*TRY IT*
The output is the lines below from the one with "text \<open>H^1_0(0,T) in" through the one with "(v(0) = 0 is automatic).\<close>", both included, printed exactly and with no other line.

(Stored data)
------

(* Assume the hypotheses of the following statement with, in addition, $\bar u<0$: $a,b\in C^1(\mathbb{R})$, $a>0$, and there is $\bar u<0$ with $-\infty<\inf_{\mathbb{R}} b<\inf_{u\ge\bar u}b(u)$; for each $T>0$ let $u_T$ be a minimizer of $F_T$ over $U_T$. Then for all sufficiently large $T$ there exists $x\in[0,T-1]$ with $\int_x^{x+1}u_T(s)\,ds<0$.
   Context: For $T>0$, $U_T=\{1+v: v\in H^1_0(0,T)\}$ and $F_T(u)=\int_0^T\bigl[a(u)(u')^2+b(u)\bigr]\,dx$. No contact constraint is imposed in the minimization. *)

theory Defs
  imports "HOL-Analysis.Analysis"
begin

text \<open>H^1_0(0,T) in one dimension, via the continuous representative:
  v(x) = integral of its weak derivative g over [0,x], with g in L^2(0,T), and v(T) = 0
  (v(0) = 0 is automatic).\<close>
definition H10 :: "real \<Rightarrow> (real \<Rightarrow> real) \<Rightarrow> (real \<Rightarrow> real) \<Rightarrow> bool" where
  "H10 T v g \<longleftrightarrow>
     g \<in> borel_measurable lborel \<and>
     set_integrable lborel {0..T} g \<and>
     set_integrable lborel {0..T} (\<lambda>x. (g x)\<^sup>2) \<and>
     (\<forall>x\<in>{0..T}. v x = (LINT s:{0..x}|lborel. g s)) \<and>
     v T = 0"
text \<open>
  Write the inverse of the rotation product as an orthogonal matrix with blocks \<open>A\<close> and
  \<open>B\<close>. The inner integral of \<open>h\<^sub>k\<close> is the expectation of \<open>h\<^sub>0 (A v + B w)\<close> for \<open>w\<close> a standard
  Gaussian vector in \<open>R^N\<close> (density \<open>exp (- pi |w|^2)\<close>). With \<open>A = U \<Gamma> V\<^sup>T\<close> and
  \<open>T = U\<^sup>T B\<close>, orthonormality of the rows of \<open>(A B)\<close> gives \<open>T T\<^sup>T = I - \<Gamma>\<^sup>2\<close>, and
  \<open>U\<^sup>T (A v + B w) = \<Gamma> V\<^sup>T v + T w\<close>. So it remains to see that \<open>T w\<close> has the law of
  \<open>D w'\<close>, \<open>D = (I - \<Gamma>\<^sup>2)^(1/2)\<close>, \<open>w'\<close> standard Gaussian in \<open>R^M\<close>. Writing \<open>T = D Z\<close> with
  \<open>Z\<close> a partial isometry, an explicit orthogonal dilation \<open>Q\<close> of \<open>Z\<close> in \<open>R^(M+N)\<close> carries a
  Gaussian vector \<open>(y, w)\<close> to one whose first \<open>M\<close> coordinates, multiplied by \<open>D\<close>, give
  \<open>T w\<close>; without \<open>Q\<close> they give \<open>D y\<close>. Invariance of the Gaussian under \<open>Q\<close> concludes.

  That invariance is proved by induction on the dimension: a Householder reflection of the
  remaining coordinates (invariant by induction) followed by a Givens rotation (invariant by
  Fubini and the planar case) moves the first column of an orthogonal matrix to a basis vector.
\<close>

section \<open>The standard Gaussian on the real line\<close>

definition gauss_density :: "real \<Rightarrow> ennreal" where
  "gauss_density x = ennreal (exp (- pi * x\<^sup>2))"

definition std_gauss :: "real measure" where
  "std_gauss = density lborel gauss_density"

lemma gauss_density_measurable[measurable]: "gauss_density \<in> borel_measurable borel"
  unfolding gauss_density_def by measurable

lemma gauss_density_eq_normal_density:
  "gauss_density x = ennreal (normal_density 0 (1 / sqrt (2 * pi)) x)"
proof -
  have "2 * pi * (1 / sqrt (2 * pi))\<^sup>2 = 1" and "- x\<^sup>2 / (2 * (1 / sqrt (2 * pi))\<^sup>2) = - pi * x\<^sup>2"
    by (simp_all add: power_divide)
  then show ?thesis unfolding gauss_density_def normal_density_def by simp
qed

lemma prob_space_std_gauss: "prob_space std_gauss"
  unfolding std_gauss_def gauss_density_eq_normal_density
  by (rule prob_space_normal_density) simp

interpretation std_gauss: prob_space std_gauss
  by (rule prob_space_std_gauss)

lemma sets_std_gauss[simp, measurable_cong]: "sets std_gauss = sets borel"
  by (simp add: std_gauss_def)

------

*ANSWER FOR THIS EXERCISE*
text \<open>H^1_0(0,T) in one dimension, via the continuous representative:
  v(x) = integral of its weak derivative g over [0,x], with g in L^2(0,T), and v(T) = 0
  (v(0) = 0 is automatic).\<close>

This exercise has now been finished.